→ **WHAT IS EXPECTED**:
Only the lines below starting at the one containing "x - x\<^sub>f)\<close>" and ending at the one containing "many lattice points, so" belong in the answer, each copied exactly.

→ **PROVIDED INFORMATION**:
Content starts
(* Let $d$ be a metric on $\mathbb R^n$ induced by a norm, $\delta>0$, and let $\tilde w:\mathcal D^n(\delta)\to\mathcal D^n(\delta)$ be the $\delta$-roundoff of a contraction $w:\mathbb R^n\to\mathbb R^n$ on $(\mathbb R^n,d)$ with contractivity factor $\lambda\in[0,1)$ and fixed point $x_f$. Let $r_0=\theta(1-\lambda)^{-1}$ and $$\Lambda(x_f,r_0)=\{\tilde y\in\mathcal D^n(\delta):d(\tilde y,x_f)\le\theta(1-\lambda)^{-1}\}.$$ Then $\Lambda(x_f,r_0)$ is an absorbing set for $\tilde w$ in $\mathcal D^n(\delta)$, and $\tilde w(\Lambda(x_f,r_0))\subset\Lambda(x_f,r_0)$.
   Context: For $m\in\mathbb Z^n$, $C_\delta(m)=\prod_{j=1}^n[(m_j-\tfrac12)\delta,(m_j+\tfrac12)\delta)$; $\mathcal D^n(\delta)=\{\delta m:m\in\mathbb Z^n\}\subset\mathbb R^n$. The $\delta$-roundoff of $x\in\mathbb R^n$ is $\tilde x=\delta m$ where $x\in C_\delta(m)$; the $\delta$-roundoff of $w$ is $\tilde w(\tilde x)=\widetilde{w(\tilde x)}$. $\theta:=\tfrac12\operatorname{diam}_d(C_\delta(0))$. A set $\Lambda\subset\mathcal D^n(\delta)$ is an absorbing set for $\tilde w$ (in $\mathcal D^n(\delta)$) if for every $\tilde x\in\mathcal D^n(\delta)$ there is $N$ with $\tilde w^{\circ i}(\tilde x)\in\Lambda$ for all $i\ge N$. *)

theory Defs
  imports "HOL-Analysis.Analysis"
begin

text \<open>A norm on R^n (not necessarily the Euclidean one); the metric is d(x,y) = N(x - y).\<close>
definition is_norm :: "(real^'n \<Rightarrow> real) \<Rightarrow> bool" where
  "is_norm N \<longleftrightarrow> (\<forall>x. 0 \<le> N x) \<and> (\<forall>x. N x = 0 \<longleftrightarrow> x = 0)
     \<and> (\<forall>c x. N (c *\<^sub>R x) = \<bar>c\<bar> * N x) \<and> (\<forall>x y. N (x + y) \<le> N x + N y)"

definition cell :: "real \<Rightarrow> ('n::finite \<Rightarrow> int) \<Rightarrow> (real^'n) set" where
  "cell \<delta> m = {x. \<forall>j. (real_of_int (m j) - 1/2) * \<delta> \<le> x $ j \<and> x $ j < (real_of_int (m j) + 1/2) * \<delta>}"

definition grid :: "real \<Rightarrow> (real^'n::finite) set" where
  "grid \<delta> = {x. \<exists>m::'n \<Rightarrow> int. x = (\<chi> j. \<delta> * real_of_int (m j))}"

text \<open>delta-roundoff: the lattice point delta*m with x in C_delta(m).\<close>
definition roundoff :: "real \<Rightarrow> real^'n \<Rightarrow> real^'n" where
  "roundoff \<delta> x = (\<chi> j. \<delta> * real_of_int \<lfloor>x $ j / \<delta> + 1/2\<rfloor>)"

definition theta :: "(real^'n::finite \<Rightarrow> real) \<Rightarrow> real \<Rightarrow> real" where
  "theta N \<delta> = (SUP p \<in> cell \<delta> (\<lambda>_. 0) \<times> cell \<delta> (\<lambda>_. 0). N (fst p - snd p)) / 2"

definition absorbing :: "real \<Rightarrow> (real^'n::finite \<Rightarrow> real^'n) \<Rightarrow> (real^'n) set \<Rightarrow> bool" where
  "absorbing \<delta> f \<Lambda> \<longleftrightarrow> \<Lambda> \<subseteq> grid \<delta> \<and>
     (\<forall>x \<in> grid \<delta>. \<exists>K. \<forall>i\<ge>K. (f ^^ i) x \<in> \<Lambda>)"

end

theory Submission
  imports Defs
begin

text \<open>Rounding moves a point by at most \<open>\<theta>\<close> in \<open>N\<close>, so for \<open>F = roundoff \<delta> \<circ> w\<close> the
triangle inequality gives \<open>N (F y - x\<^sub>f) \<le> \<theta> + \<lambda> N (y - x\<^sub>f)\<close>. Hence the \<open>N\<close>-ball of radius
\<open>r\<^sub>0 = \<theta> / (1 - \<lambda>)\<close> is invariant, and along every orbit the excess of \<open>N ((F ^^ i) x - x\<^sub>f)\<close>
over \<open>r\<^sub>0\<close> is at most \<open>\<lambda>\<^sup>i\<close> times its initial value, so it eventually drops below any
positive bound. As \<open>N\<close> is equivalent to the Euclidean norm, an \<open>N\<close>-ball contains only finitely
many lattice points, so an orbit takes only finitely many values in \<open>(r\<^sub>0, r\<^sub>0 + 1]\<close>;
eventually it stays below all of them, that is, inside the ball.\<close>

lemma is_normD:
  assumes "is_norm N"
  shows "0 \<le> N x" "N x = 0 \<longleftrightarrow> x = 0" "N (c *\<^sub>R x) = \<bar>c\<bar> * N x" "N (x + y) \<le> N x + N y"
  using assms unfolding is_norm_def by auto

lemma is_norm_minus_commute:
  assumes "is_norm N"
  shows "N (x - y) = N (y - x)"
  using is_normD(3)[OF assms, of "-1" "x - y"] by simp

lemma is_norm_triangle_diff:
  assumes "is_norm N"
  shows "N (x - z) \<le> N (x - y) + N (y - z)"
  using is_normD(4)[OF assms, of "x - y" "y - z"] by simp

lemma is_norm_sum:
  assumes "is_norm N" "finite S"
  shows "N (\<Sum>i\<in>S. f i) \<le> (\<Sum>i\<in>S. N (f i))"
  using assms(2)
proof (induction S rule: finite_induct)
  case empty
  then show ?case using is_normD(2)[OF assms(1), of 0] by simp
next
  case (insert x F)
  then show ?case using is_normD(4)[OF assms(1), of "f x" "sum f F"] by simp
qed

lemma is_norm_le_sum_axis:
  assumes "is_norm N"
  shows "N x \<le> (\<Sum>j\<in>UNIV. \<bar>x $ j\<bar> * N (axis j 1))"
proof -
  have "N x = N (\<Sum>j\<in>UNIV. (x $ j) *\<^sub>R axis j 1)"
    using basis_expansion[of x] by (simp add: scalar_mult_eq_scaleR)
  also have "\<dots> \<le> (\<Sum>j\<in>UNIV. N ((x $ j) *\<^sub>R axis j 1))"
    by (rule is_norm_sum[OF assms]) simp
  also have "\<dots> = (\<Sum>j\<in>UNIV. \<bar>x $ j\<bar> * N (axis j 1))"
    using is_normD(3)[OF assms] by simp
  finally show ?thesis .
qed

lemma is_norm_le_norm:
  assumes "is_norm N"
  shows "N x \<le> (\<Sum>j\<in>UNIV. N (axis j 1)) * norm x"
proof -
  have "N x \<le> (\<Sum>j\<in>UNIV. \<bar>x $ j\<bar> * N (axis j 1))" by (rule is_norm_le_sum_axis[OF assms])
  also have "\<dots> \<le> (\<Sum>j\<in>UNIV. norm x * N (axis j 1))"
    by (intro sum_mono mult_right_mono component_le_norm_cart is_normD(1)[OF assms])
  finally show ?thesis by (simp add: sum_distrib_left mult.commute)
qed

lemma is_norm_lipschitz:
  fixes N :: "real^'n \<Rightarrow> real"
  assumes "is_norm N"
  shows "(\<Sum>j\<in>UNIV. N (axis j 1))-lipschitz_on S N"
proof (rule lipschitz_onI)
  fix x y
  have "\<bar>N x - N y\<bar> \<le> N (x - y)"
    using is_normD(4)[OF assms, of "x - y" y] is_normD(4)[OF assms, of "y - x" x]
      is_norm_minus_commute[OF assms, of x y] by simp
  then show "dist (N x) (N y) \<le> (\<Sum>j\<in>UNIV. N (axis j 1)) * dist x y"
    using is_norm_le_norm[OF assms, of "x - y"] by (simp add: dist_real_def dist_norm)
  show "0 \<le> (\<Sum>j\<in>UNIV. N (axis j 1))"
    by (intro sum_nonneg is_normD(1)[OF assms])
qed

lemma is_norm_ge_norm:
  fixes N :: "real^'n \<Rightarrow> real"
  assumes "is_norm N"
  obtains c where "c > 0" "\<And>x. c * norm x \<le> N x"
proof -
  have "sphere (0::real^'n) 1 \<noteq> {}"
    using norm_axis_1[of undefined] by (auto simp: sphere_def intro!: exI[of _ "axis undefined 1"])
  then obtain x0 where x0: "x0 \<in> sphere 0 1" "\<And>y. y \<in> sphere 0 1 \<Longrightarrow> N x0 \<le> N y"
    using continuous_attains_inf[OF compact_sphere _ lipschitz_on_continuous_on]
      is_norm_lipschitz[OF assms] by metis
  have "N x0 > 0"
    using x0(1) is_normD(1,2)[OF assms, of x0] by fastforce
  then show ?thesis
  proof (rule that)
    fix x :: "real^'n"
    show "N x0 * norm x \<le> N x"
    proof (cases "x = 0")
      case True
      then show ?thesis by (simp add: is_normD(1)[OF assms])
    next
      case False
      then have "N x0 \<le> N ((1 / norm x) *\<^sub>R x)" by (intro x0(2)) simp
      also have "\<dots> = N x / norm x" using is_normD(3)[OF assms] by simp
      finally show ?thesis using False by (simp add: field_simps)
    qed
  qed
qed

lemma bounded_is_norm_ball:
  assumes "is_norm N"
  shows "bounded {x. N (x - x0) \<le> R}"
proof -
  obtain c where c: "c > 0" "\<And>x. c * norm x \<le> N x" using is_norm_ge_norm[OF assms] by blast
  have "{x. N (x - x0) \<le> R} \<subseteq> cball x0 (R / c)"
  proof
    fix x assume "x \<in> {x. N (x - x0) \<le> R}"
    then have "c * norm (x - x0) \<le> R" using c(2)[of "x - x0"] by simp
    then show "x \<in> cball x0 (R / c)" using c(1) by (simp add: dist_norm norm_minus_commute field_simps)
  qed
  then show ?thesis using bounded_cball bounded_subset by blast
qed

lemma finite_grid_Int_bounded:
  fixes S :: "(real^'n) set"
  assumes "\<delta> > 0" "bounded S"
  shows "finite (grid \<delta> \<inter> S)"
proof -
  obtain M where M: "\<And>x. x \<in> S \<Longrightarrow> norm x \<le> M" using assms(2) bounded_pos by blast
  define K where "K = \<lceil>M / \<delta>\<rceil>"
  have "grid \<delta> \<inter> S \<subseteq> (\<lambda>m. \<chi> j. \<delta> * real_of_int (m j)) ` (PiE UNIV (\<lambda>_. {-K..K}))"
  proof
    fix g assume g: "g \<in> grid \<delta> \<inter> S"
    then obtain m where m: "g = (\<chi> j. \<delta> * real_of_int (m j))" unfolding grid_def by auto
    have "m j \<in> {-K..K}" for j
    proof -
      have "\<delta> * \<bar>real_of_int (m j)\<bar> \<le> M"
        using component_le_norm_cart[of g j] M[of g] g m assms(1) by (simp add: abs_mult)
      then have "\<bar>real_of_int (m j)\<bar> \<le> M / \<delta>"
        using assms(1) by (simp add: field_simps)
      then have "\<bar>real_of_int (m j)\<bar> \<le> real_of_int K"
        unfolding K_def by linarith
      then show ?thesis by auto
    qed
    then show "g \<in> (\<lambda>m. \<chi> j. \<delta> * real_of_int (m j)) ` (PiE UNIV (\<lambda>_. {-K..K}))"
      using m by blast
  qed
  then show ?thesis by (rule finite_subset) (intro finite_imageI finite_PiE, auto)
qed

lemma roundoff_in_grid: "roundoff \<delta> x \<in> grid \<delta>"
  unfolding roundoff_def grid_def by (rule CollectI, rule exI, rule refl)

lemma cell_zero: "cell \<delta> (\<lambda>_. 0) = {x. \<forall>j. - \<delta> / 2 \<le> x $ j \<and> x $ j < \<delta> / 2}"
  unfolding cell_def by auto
Content ends
→ **YOUR SOLUTION**:
\<open>r\<^sub>0 = \<theta> / (1 - \<lambda>)\<close> is invariant, and along every orbit the excess of \<open>N ((F ^^ i) x - x\<^sub>f)\<close>
over \<open>r\<^sub>0\<close> is at most \<open>\<lambda>\<^sup>i\<close> times its initial value, so it eventually drops below any
positive bound. As \<open>N\<close> is equivalent to the Euclidean norm, an \<open>N\<close>-ball contains only finitely
many lattice points, so an orbit takes only finitely many values in \<open>(r\<^sub>0, r\<^sub>0 + 1]\<close>;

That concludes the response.